Порой в белом мраке светились прогалы, и сквозь один из них он взглянул на берег: там была только лодка с Сугробной косы, ни из Сегюльнеса, ни с Верхнего Обвала, ни с Пастбищного, ни с Холма, ни с Перста никто не приплыл. А ведь он знал, что многие собирались быть. А когда он вошел за кладбищенскую ограду, возле церкви не было заметно никакого движения, лишь неистоптанные сугробы, а церковь вдобавок еще и оказалась заперта.

Эйлив недолго постоял на дорожке, а затем шагнул за угол и нерешительно побрел к могиле своих жены и дочери: они все еще лежали там, близ северо-восточного угла церкви под простым крестом, на который Лауси, впрочем, употребил свое искусство – на его концах красовалась умелая резьба, а имена красиво прочерчены ножом, и борозды просмолены. Древесина уже слегка посерела. К Эйливу закралась мысль: а не спросить ли у них разрешения поехать с Гестом во Мерику, – но потом он решил, что это будет глупо, неловко развернулся и, посмотрев на Мадамин дом, решил, что, наверно, собрание перенесли в него. Кот в сапогах, наверно, сидел там на плюшевом кресле и залучал бедноту на Запад.

И все же на лестнице было не видать ничьих следов, а на его стук к дверям подошла лишь Краснушка, та самая щекастая девка, и прямо сразу начала эдак улыбаться ему – с чего это она его так завлекает? Но впускать она его все же не стала, сказала, мол, агента здесь нет, этот безбородый, мол, пару дней назад уехал. Затем она как следует пихнула долговязого вольника ногой, высунув из угла ухмыляющегося рта язык, так что его собственный бушприт чуть приподнялся на этой волне, а потом захлопнула у него перед носом дверь.

Итак: собрания не будет, агента не будет, Америки не будет. И кажется, все это знали, кроме него. Черти полосатые! Он облекся в свою робость как в тесную робу и нарочно притащился сюда, чтоб записаться в будущее – а будущего не будет: его отменили!.. За семью годами счастья идут семь лет несчастья, думал Эйлив, сам удивляясь, насколько же он расстроился, что ему не дали перебраться со всем скарбом во Мерику.

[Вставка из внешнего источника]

text \<open>Birkhoff's ergodic theorem, proved below for bounded functions of a stationary ergodic
  sequence via Garsia's maximal inequality, yields an almost sure event on which
  \<open>(1/N) \<Sum>k<N. f (y, \<eta> k)\<close> tends to \<open>F y = E f (y, \<eta> 0)\<close> simultaneously for all \<open>y\<close> in a
  countable dense set.  On that event the claim is deterministic: cut \<open>[0, T]\<close> into cells of
  mesh \<open>h\<close> and replace \<open>\<xi>n n (k/n)\<close> on each cell by one nearby point \<open>y\<close> of the dense set.  In
  the limit each cell then contributes \<open>h F y\<close>, a Riemann sum for the integral of \<open>F (\<xi> t)\<close>,
  while uniform continuity of \<open>f\<close> and the uniform convergence of \<open>\<xi>n n\<close> keep the replacement
  error small uniformly in \<open>n\<close>.\<close>

section \<open>Garsia's maximal ergodic inequality\<close>

(* max_partial_sum h n x is the largest of the partial sums \<Sum>i<k. h (x i), 0 \<le> k \<le> n. *)
fun max_partial_sum :: "(real \<Rightarrow> real) \<Rightarrow> nat \<Rightarrow> (nat \<Rightarrow> real) \<Rightarrow> real" where
  "max_partial_sum h 0 x = 0"
| "max_partial_sum h (Suc n) x = max 0 (h (x 0) + max_partial_sum h n (\<lambda>k. x (Suc k)))"

lemma max_partial_sum_nonneg: "0 \<le> max_partial_sum h n x"
  by (cases n) auto

lemma max_partial_sum_le_Suc: "max_partial_sum h n x \<le> max_partial_sum h (Suc n) x"
proof (induction n arbitrary: x)
  case (Suc n)
  show ?case
    by (subst (1 2) max_partial_sum.simps(2)) (intro max.mono add_left_mono order.refl Suc.IH)
qed simp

И чтобы не получилось, что он приехал совсем понапрасну, он снова побрел на кладбище, на место рукоположенного преступления. Там он заметил неподалеку свежую могилу, встал на нее и стал мочиться, но, едва начав, пожалел об этом. Вдруг его кто-нибудь увидит? Чем это не готовое доказательство виновности в преступлении? Нет, его никто и не мог увидеть: пурга окружила его со всех сторон. Зато не успел он закончить свое дело, как из метели появился простоволосый призракоподобный старец. Он направлялся на юг вдоль сложенной из камня кладбищенской ограды – снежновласый и снежнобородый, и, кажется, не заметил Эйлива, а тот провожал его взглядом до угла, а затем из калитки.

Ему показалось, что это был Сакариас – пророк и жалобщик на календарь. Он прошел прямым ходом к церкви и взялся рукой за дверную ручку – положил дряхлое на дряхлое, – но ему дверь не открылась так же, как и Эйливу, и вскоре они оба стояли на ведущей к церкви дорожке, словно двое заядлых мессоманов. Пророк вперил взгляд в побитую непогодой дощатую конструкцию – эту дверь.

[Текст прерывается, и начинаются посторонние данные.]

lemma congruence_subset: "E \<subseteq> trop_rat \<times> trop_rat"
  using congruence_equiv by (simp add: equiv_def refl_on_def)

text \<open>Closure of trop_rat under the operations, read off from the congruence, which relates
  only tropical rational functions.\<close>
lemma tmax_in_trop_rat:
  fixes a b :: "real^'n \<Rightarrow> ereal"
  shows "a \<in> trop_rat \<Longrightarrow> b \<in> trop_rat \<Longrightarrow> tmax a b \<in> trop_rat"
  using congruence_tmax[OF congruence_refl congruence_refl, of a b] congruence_subset by blast

lemma tplus_in_trop_rat:
  fixes a b :: "real^'n \<Rightarrow> ereal"
  shows "a \<in> trop_rat \<Longrightarrow> b \<in> trop_rat \<Longrightarrow> tplus a b \<in> trop_rat"
  using congruence_tplus[OF congruence_refl congruence_refl, of a b] congruence_subset by blast

lemma qop_cls:
  assumes "a \<in> trop_rat" "b \<in> trop_rat"
    and op: "\<And>a b c d. (a, b) \<in> E \<Longrightarrow> (c, d) \<in> E \<Longrightarrow> (op a c, op b d) \<in> E"
  shows "qop op E (cls E a) (cls E b) = cls E (op a b)"
proof -
  let ?M = "{op a' b' | a' b'. a' \<in> cls E a \<and> b' \<in> cls E b}"
  have "op a b \<in> ?M" using assms congruence_refl unfolding cls_def by blast
  moreover have "(op a b, m) \<in> E" if "m \<in> ?M" for m
    using that op unfolding cls_def by blast
  ultimately have "E `` ?M = E `` {op a b}"
    using congruence_equiv unfolding equiv_def trans_def by blast
  then show ?thesis unfolding qop_def cls_def .
qed

lemma cls_in_quotient: "a \<in> trop_rat \<Longrightarrow> cls E a \<in> trop_rat // E"
  unfolding cls_def by (rule quotientI)

lemma quotient_obtain_cls:
  assumes "C \<in> trop_rat // E"
  obtains a where "a \<in> trop_rat" and "C = cls E a"
  using assms unfolding cls_def by (rule quotientE)

lemma qop_in_quotient:
  assumes "A \<in> trop_rat // E" "B \<in> trop_rat // E"
  shows "qop tmax E A B \<in> trop_rat // E" and "qop tplus E A B \<in> trop_rat // E"
proof -
  obtain a b where "a \<in> trop_rat" "A = cls E a" "b \<in> trop_rat" "B = cls E b"
    using assms quotient_obtain_cls by metis
  then show "qop tmax E A B \<in> trop_rat // E" "qop tplus E A B \<in> trop_rat // E"
    using qop_cls congruence_tmax congruence_tplus cls_in_quotient tmax_in_trop_rat tplus_in_trop_rat
    by metis+
qed

lemma cls_eval_cls: "x \<in> Vset E \<Longrightarrow> a \<in> trop_rat \<Longrightarrow> cls_eval (cls E a) x = a x"
  using someI[of "\<lambda>f. f \<in> cls E a" a] congruence_refl
  unfolding cls_eval_def cls_def Vset_def by fastforce

lemma cls_eval_in_trop_rat: "C \<in> trop_rat // E \<Longrightarrow> cls_eval C \<in> trop_rat"
  using someI[of "\<lambda>f. f \<in> C"] in_quotient_imp_subset[OF congruence_equiv]
  unfolding cls_eval_def
  by (metis congruence_refl quotient_obtain_cls cls_def Image_singleton_iff subset_iff)

end

section \<open>The map induced by a homomorphism of coordinate algebras\<close>

definition induced_map ::
  "((real^'n \<Rightarrow> ereal) \<times> (real^'n \<Rightarrow> ereal)) set
   \<Rightarrow> ((real^'n \<Rightarrow> ereal) set \<Rightarrow> (real^'m \<Rightarrow> ereal) set) \<Rightarrow> real^'m \<Rightarrow> real^'n" where
  "induced_map E \<psi> y = character_point (\<lambda>f. cls_eval (\<psi> (cls E f)) y)"

context
  fixes E :: "((real^'n \<Rightarrow> ereal) \<times> (real^'n \<Rightarrow> ereal)) set"
    and F :: "((real^'m \<Rightarrow> ereal) \<times> (real^'m \<Rightarrow> ereal)) set"
    and \<psi> :: "(real^'n \<Rightarrow> ereal) set \<Rightarrow> (real^'m \<Rightarrow> ereal) set"
  assumes E: "trop_congruence E" and F: "trop_congruence F" and hom: "trop_alg_hom E F \<psi>"
begin

lemma hom_cls_obtain:
  assumes "a \<in> trop_rat"
  obtains r where "r \<in> trop_rat" and "\<psi> (cls E a) = cls F r"
  using hom cls_in_quotient[OF E assms] quotient_obtain_cls[OF F] unfolding trop_alg_hom_def
  by blast

lemma hom_cls_tmax:
  assumes "a \<in> trop_rat" "b \<in> trop_rat"
  shows "\<psi> (cls E (tmax a b)) = qop tmax F (\<psi> (cls E a)) (\<psi> (cls E b))"
proof -
  have "\<psi> (qop tmax E (cls E a) (cls E b)) = qop tmax F (\<psi> (cls E a)) (\<psi> (cls E b))"
    using hom cls_in_quotient[OF E assms(1)] cls_in_quotient[OF E assms(2)]
    unfolding trop_alg_hom_def by blast
  then show ?thesis using qop_cls[OF E assms congruence_tmax[OF E]] by simp
qed

lemma hom_cls_tplus:
  assumes "a \<in> trop_rat" "b \<in> trop_rat"
  shows "\<psi> (cls E (tplus a b)) = qop tplus F (\<psi> (cls E a)) (\<psi> (cls E b))"
proof -
  have "\<psi> (qop tplus E (cls E a) (cls E b)) = qop tplus F (\<psi> (cls E a)) (\<psi> (cls E b))"
    using hom cls_in_quotient[OF E assms(1)] cls_in_quotient[OF E assms(2)]
    unfolding trop_alg_hom_def by blast
  then show ?thesis using qop_cls[OF E assms congruence_tplus[OF E]] by simp
qed
lemma delaunay_near_insert_origin:
  fixes Y :: "'a::euclidean_space set"
  assumes "meets_orthant_boxes Y k" "k > 0"
    and "S \<in> delaunay_near (2 * real DIM('a)^2 * k) Y" "S \<in> delaunay (insert 0 Y)"
  shows "S \<in> delaunay_near (2 * real DIM('a)^2 * k) (insert 0 Y)"
proof -
  define R where "R = 2 * real DIM('a)^2 * k"
  define C where "C = (\<Inter>x\<in>S. Vor Y x)"
  obtain y where y: "norm y \<le> R" "y \<in> C" and S: "S \<noteq> {}" "S \<subseteq> Y"
    using assms(3) unfolding mem_delaunay_near C_def R_def by blast
  obtain z where z: "\<forall>x\<in>S. z \<in> Vor (insert 0 Y) x"
    using assms(4) unfolding mem_delaunay by blast
  obtain x0 where x0: "x0 \<in> S"
    using S by blast
  have near_origin: "w \<in> Vor (insert 0 Y) x" if "w \<in> C" "norm (w - x0) \<le> norm w" "x \<in> S" for w x
    using that x0 S unfolding C_def Vor_def by force
  show ?thesis
  proof (cases "norm (y - x0) \<le> norm y")
    case True
    then show ?thesis
      using near_origin y S unfolding mem_delaunay_near R_def by blast
  next
    case False
    \<comment> \<open>Inside the convex set C, the way from y to z crosses the bisector of 0 and x0;
      the crossing point lies in the Voronoi cell of 0.\<close>
    have "z \<in> C"
      using z Vor_antimono[of Y "insert 0 Y"] unfolding C_def by blast
    moreover have "x0 \<bullet> y \<le> x0 \<bullet> x0 / 2" "x0 \<bullet> x0 / 2 \<le> x0 \<bullet> z"
      using False z x0 norm_diff_le_iff_inner[of _ x0 0]
      by (auto simp: mem_Vor_insert inner_commute)
    moreover have "connected C"
      unfolding C_def by (intro convex_connected convex_INT ballI convex_Vor)
    ultimately obtain w where w: "w \<in> C" "x0 \<bullet> w = x0 \<bullet> x0 / 2"
      using connected_ivt_hyperplane y(2) by blast
    then have "norm (w - x0) = norm w"
      using norm_diff_le_iff_inner[of w x0 0] norm_diff_le_iff_inner[of w 0 x0]
      by (auto simp: inner_commute)
    then have "w \<in> Vor (insert 0 Y) 0"
      using w(1) x0 unfolding C_def Vor_def by force
    then have "norm w \<le> R"
      using Vor_origin_subset_cball[OF assms(1,2)] unfolding R_def by fastforce
    moreover have "\<forall>x\<in>S. w \<in> Vor (insert 0 Y) x"
      using near_origin w(1) \<open>norm (w - x0) = norm w\<close> by simp
    ultimately show ?thesis
      using S unfolding mem_delaunay_near R_def by blast
  qed
qed

lemma symdiff_delaunay_insert_origin_eq_near:
  fixes Y :: "'a::euclidean_space set"
  assumes "0 \<notin> Y" "meets_orthant_boxes Y k" "k > 0"
  defines "R \<equiv> 2 * real DIM('a)^2 * k"
  shows "symdiff (delaunay Y) (delaunay (insert 0 Y))
           = symdiff (delaunay_near R Y) (delaunay_near R (insert 0 Y))"
proof (rule set_eqI)
  fix S
  show "S \<in> symdiff (delaunay Y) (delaunay (insert 0 Y))
          \<longleftrightarrow> S \<in> symdiff (delaunay_near R Y) (delaunay_near R (insert 0 Y))"
  proof (cases "0 \<in> S")
    case True
    then have "S \<notin> delaunay Y"
      using assms(1) by (auto simp: mem_delaunay)
    then show ?thesis
      using delaunay_near_if_origin_mem[OF assms(2,3) _ True] delaunay_near_subset
      unfolding symdiff_def R_def by blast
  next
    case False
    then show ?thesis
      using delaunay_insert_not_mem[of S 0 Y] delaunay_near_insert_not_mem[of S R 0 Y]
        delaunay_near_subset[of R Y] delaunay_near_subset[of R "insert 0 Y"]
        delaunay_near_if_not_delaunay_insert_origin[OF assms(2,3)]
        delaunay_near_insert_origin[OF assms(2,3)]
      unfolding symdiff_def R_def by blast
  qed
qed

lemma symdiff_delaunay_insert_origin_inter_cball:
  fixes X :: "'a::euclidean_space set"
  assumes "0 \<notin> X" "meets_orthant_boxes X k" "k > 0"
  defines "R \<equiv> 2 * real DIM('a)^2 * k"
  shows "symdiff (delaunay X) (delaunay (insert 0 X))
           = symdiff (delaunay (X \<inter> cball 0 (3 * R))) (delaunay (insert 0 (X \<inter> cball 0 (3 * R))))"
proof -
  have R: "2 * real DIM('a) * k \<le> R" "0 \<le> R"
    using assms(3) unfolding R_def by (simp_all add: power2_eq_square mult_right_mono)
  obtain p where p: "p \<in> X" "norm p \<le> R"
    using meets_orthant_boxes_near_point[OF assms(2)] R(1) by fastforce
  have "meets_orthant_boxes (X \<inter> cball 0 (3 * R)) k"
    using R by (intro meets_orthant_boxes_mono[OF assms(2)]) auto
  moreover have "insert 0 (X \<inter> cball 0 (3 * R)) = insert 0 X \<inter> cball 0 (3 * R)"
    using R(2) by auto
  ultimately show ?thesis
    using symdiff_delaunay_insert_origin_eq_near[OF assms(1-3)]
      symdiff_delaunay_insert_origin_eq_near[of "X \<inter> cball 0 (3 * R)" k] assms(1,3)
      delaunay_near_inter_cball[OF p] delaunay_near_inter_cball[of 0 "insert 0 X" R] R(2)
    unfolding R_def by simp
qed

– Кажется, сегодня собрания не будет, – сказал высокий.

Молчание.

– Ты в церковь шел?



Молчание.

– Я-то думал: тут собрание будет, насчет Мерики. Так сказал этот, в сапогах, который на «Тире» приплыл.

Молчание.

Эйлив, никогда не отличавшийся красноречием, сейчас вдруг принялся болтать – так на него влияло присутствие пророка. А тот в конце концов отпустил дверную ручку, и повернулся, и стоял на церковном крыльце со своей торчащей из плеч головой-снегосборником, заиндевелой бородой и бледно-серой физиономией. И в этой сплошной белизне единственной черной точкой был его зрачок, крошечный и продолговатый: им он смотрел далеко вглубь долины (в этом фьорде было всего два направления: вглубь и вовне) и, казалось, углядел там какую-то интересную передачу: он некоторое время не отводил оттуда глаз и, как и прежде, не замечал вольника со Следующего Обвала.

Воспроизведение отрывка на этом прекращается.